Forgetting the consistency tax. Every denormalized copy is a consistency obligation. If you cannot implement a reliable sync mechanism (trigger, application logic, scheduled refresh), do not denormalize.

Worked Example: E-Commerce Product Listing

A product listing page shows product name, average rating, and review count. The normalized query joins products, reviews, and computes AVG(rating) and COUNT(*) per product. At 10M reviews, this query takes 800ms.

Solution: Add avg_rating NUMERIC(3,2) and review_count INT columns to products. A trigger on reviews updates both columns. The listing query becomes a simple single-table scan at 3ms.

Details

Decision Framework

Measure. Run EXPLAIN ANALYZE on the slow query. Identify whether the bottleneck is a join, an aggregation, or a sequential scan.
Index first. If a missing index explains the cost, add it. Re-measure.
Choose the lightest denormalization. Prefer materialized views (no schema change, easy to drop) over duplicated columns (schema change, trigger required) over summary tables (separate refresh logic).
Implement consistency. For every denormalized copy, define when and how it refreshes. Document the staleness window.

PostgreSQL Materialized View Refresh Strategies

Manual: REFRESH MATERIALIZED VIEW mv_name; -- takes an exclusive lock, blocks reads during refresh.
Concurrent: REFRESH MATERIALIZED VIEW CONCURRENTLY mv_name; -- requires a unique index, does not block reads, but is slower.
Scheduled: Use pg_cron to refresh on a cadence: SELECT cron.schedule('0 * * * *', 'REFRESH MATERIALIZED VIEW CONCURRENTLY monthly_sales');
Application-triggered: Refresh after a batch write completes. Best when writes are infrequent and bursty.

MySQL Callout

MySQL does not support materialized views natively. The common workaround is a regular table populated by a scheduled event or application logic. MySQL also lacks CONCURRENTLY refresh semantics -- refreshing a surrogate materialized view requires either a full table swap (rename trick) or accepting a lock during the refresh window.

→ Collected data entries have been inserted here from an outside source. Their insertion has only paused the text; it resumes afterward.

definition gen_ideal :: "nat \<Rightarrow> ('a::field) mpoly set \<Rightarrow> 'a mpoly set" where
  "gen_ideal n G = {(\<Sum>g\<in>G. q g * g) | q. \<forall>g\<in>G. q g \<in> polyring n}"

definition term_order :: "nat \<Rightarrow> (mon \<Rightarrow> mon \<Rightarrow> bool) \<Rightarrow> bool" where
  "term_order n le \<longleftrightarrow>
     (\<forall>a\<in>monomials n. le a a) \<and>
     (\<forall>a\<in>monomials n. \<forall>b\<in>monomials n. le a b \<and> le b a \<longrightarrow> a = b) \<and>
     (\<forall>a\<in>monomials n. \<forall>b\<in>monomials n. \<forall>c\<in>monomials n. le a b \<and> le b c \<longrightarrow> le a c) \<and>
     (\<forall>a\<in>monomials n. \<forall>b\<in>monomials n. le a b \<or> le b a) \<and>
     (\<forall>a\<in>monomials n. le 0 a) \<and>
     (\<forall>a\<in>monomials n. \<forall>b\<in>monomials n. \<forall>c\<in>monomials n. le a b \<longrightarrow> le (a + c) (b + c))"

definition lm :: "(mon \<Rightarrow> mon \<Rightarrow> bool) \<Rightarrow> ('a::zero) mpoly \<Rightarrow> mon" where
  "lm le f = (THE m. m \<in> Poly_Mapping.keys f \<and> (\<forall>m'\<in>Poly_Mapping.keys f. le m' m))"

definition mon_dvd :: "mon \<Rightarrow> mon \<Rightarrow> bool" where
  "mon_dvd a b \<longleftrightarrow> (\<forall>i. Poly_Mapping.lookup a i \<le> Poly_Mapping.lookup b i)"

Real-World Case Study: Social Media Feed

A social platform normalized posts, likes, comments, and shares into separate tables. The home feed query joined 5 tables with aggregations, taking 2+ seconds at scale. The team added a feed_items denormalized table: one row per post with precomputed like_count, comment_count, share_count, and author_name. Triggers on each source table kept the feed current. Feed query latency dropped to 15ms. The consistency tax: 4 triggers, one maintenance job for orphan cleanup, and a monthly audit query to detect drift.

Source

PostgreSQL Materialized Views
Kleppmann, M. "Designing Data-Intensive Applications" (2017), Chapter 3
PostgreSQL Wiki: Materialized View Refresh Strategies

Process

Read the techniques and decision framework in this document.
Measure the actual query performance to confirm a denormalization need exists.
Apply the lightest denormalization technique that solves the measured problem, and implement the consistency mechanism.

Harness Integration

Type: knowledge -- this skill is a reference document, not a procedural workflow.
No tools or state -- consumed as context by other skills and agents.
related_skills: db-first-normal-form, db-second-normal-form, db-third-normal-form

Success Criteria

Denormalization is applied only to measured performance bottlenecks, not as a default design pattern.
Every denormalized copy has a documented consistency mechanism (trigger, application sync, or scheduled refresh).